Читаем Воспоминания о В. В. Розанове полностью

Любил же он (опять-таки в те же годы) больше всего, несомненно, некоего Шперка - странного юношу, "декадента" (тогда это слово было в ходу), больного, морально весьма непохожего на Страхова, философа и критика, писавшего на не понятном ни для кого языке, поклонника стихов Сологуба (тогда почти никому не известных), тоже искавшего или чуявшего что-то новое... Он умер от чахотки двадцати с небольшим лет, еще в 1897 году. Но Розанов никогда не мог его забыть. Говоря о духовных движениях в России, о прозрениях будущего, о самых ценных в этом отношении людях, он всегда и неизбежно должен был упомянуть эти два имени: Шперка и "Рцы" (Ив. Фед. Романов - тоже уже давно покойный)9. В последние годы к ним прибавилось еще третье - имя Павла Александровича Флоренского, которого он чрезвычайно высоко ценил10. И четвертого такого имени, мне кажется, для Розанова не было (если не возвращаться к Константину Леонтьеву). В таком предпочтении в высшей степени сказалась духовная оригинальность Василия Васильевича. Конечно, он понимал, что ни Шперк, ни Рцы не первоклассные писатели, но он ценил в них людей, мучащихся над теми самыми задачами, которые мучили его самого и которые он имел основания считать самыми важными из всех возможных задач. В такой качественной (с его точки зрения) оценке эти двое весили для него больше всех других, количественно (талантом) более богатых. И в этом он не ошибался, в особенности относительно Рцы. Шперка, я думаю, он ценил особенно еще потому, что в те смутные для него самого, и внутренне и внешне, 90-е годы в одном этом юноше находил В. В. устремления, отвечавшие его собственным еще неясным мыслям и влечениям, находил интересы, которые едва пробуждались в нем самом. Шперк шел или пытался идти именно по тем путям и к тем духовным целям, к каким пролегла после дорога Розанова, тогда еще, повторяю, не знавшего самого себя. И после встреч и бесед с эпигонами славянофильства и консерватизма11, и даже самим Страховым, Розанов, я думаю, впервые начинал чувствовать себя Розановым лишь во время долгих своих ночных разговоров с чудаком, непонятным философом, вечно декламировавшим Сологуба, ставившим христианству в упрек отрицание пола и с безмерной иронией относившимся ко всей кипевшей вокруг литературной суете.

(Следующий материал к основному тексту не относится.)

(* A labeled finite-state automaton $\mathcal{S}=(Q,E,\delta,Q_0,\Sigma,\ell)$ is initial-state opaque with respect to $Q_S\subset Q$ if and only if $Q_0\ne\emptyset \implies Q_0\not\subset Q_S$ and, for every $q_0\in Q_0\cap Q_S$, in the concurrent composition $\mathrm{CC}(\mathcal{S}_{\varepsilon},\mathcal{S}_{\mathrm{obs}}^{\varepsilon})$ all states reachable from $(q_0,\mathrm{UR}(Q_0\setminus Q_S))$ are of the form $(-,x)$ with $x\ne\emptyset$.
   Context: A labeled finite-state automaton (LFSA) $\mathcal{S}=(Q,E,\delta,Q_0,\Sigma,\ell)$ has finite state set $Q$, finite event alphabet $E$, transition relation $\delta\subset Q\times E\times Q$ (extended to event sequences), initial states $Q_0\subset Q$, output alphabet $\Sigma$, and labeling $\ell:E\to\Sigma\cup\{\epsilon\}$ (extended to sequences). Observable events $E_o=\{e:\ell(e)\in\Sigma\}$, unobservable events $E_{uo}=\{e:\ell(e)=\epsilon\}$. For $x\subset Q$, the unobservable reach is $\mathrm{UR}(x)=\bigcup_{q\in x}\bigcup_{s\in E_{uo}^*}\delta(q,s)$. $\mathcal{S}$ is initial-state opaque (ISO) with respect to secret states $Q_S\subset Q$ if for every run $q_0\xrightarrow{s}q$ with $q_0\in Q_0\cap Q_S$ there is a run $q_0'\xrightarrow{s'}q'$ with $q_0'\in Q_0\setminus Q_S$ and $\ell(s)=\ell(s')$. The observer $\mathcal{S}_{\mathrm{obs}}$ is the deterministic automaton with state set $2^Q$, alphabet $\ell(E_o)$, initial state $\mathrm{UR}(Q_0)$, and transitions $\delta_{\mathrm{obs}}(x,a)=\bigcup_{q\in x}\bigcup_{e_a\in E_o,\ell(e_a)=a,\ s\in E_{uo}^*}\delta(q,e_as)$ (so $\delta_{\mathrm{obs}}(\emptyset,a)=\emptyset$). $\mathcal{S}_{\varepsilon}$ is obtained from $\mathcal{S}$ by relabeling each transition $q\xrightarrow{e}q'$ as $q\xrightarrow{\ell(e)}q'$ if $e\in E_o$ and as $q\xrightarrow{\varepsilon}q'$ if $e\in E_{uo}$, with labeling $\ell'$ on $\ell(E_o)\cup\{\varepsilon\}$ being the identity on $\ell(E_o)$ and $\ell'(\varepsilon)=\epsilon$. $\mathcal{S}_{\mathrm{obs}}^{\varepsilon}$ is $\mathcal{S}_{\mathrm{obs}}$ with the additional (unused) event $\varepsilon$ and labeling $\ell'$. The concurrent composition $\mathrm{CC}(\mathcal{S}^1,\mathcal{S}^2)$ of two LFSAs $\mathcal{S}^i=(Q_i,E,\delta_i,Q_{0i},\Sigma,\ell)$ has states $Q_1\times Q_2$, initial states $Q_{01}\times Q_{02}$, and transitions: $((q_1,q_1'),(e,e'),(q_2,q_2'))$ for observable $e,e'$ with $\ell(e)=\ell(e')$, $(q_1,e,q_2)\in\delta_1$, $(q_1',e',q_2')\in\delta_2$; $((q_1,q_1'),(e,\epsilon),(q_2,q_1'))$ for unobservable $e$ with $(q_1,e,q_2)\in\delta_1$; and $((q_1,q_1'),(\epsilon,e),(q_1,q_2'))$ for unobservable $e$ with $(q_1',e,q_2')\in\delta_2$. Observable transitions with the same label are synchronized, unobservable ones interleave. *)

theory Defs
  imports Main
begin

text \<open>Labeled finite-state automata. The labeling returns None for the
empty output (unobservable events), Some a for an observable label a.\<close>

record ('q, 'e, 'o) lfsa =
  states :: "'q set"
  events :: "'e set"
  trans  :: "('q \<times> 'e \<times> 'q) set"
  init   :: "'q set"
  outs   :: "'o set"
  lab    :: "'e \<Rightarrow> 'o option"

definition lfsa_wf :: "('q, 'e, 'o) lfsa \<Rightarrow> bool" where
  "lfsa_wf S \<longleftrightarrow> finite (states S) \<and> finite (events S) \<and> finite (outs S)
     \<and> trans S \<subseteq> states S \<times> events S \<times> states S
     \<and> init S \<subseteq> states S
     \<and> (\<forall>e \<in> events S. lab S e = None \<or> the (lab S e) \<in> outs S)"

definition obs_events :: "('q, 'e, 'o) lfsa \<Rightarrow> 'e set" where
  "obs_events S = {e \<in> events S. lab S e \<noteq> None}"

definition unobs_events :: "('q, 'e, 'o) lfsa \<Rightarrow> 'e set" where
  "unobs_events S = {e \<in> events S. lab S e = None}"

inductive run :: "('q \<times> 'e \<times> 'q) set \<Rightarrow> 'q \<Rightarrow> 'e list \<Rightarrow> 'q \<Rightarrow> bool"
  for \<delta> where
  run_Nil: "run \<delta> q [] q"
| run_Cons: "(q, e, q1) \<in> \<delta> \<Longrightarrow> run \<delta> q1 s q2 \<Longrightarrow> run \<delta> q (e # s) q2"

definition lab_seq :: "('q, 'e, 'o) lfsa \<Rightarrow> 'e list \<Rightarrow> 'o list" where
  "lab_seq S s = List.map_filter (lab S) s"

definition ISO :: "('q, 'e, 'o) lfsa \<Rightarrow> 'q set \<Rightarrow> bool" where
  "ISO S QS \<longleftrightarrow>
     (\<forall>q0 s q. q0 \<in> init S \<inter> QS \<and> run (trans S) q0 s q \<longrightarrow>
        (\<exists>q0' s' q'. q0' \<in> init S - QS \<and> run (trans S) q0' s' q' \<and> lab_seq S s = lab_seq S s'))"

Итак, я застал Розанова еще "педагогом". Общеизвестный портрет Бакста (в Третьяковской галерее), пожалуй, верно передает его внешность тех годов, хотя относится уже к несколько более позднему времени12. Впрочем, у Бакста схвачен и тот зоркий, проницающий взгляд, которым Розанов выучился смотреть, как мне кажется, тоже лишь позднее - именно к эпохе написания этого портрета: к "египетской" своей эпохе13. В половине 90-х годов в нем оставалось еще много провинциального простодушия и непосредственности (отчасти он выдерживал эти черты и потом). Любопытны его письма того времени - столь непохожие на позднейшие, жизненные, как сама жизнь. Тогда он еще педагогически верил, сердился, распекал "Сенат и Синод" (в одной из мелких своих статей) за недостаточное соблюдение всех подробностей официального ритуала и особенно был тем, что немцы назвали бы Liberalenfresser14: наши "западники" были для него предметом настоящей ненависти - "по Константину Леонтьеву". Еще очень далеко было до тех дней, когда он напишет своего "Ослабнувшего фетиша" (1907) - гениальную брошюру о революции, оставшуюся почти неведомой для публики15.

Таким я оставил Василия Васильевича, уезжая весной 1897 года за границу. Хотя в предшествующую зиму у него завязались кое-какие новые литературные знакомства (кружок "Северного вестника" с А. Л. Волынским во главе; Мережковские) и он стал немного выглядывать со своей "Павловской" (далекая улица на Петербургской стороне, где он тогда жил) в широкий мир, но сближение с новыми элементами шло туго, и люди, видимо, не спаивались друг с другом.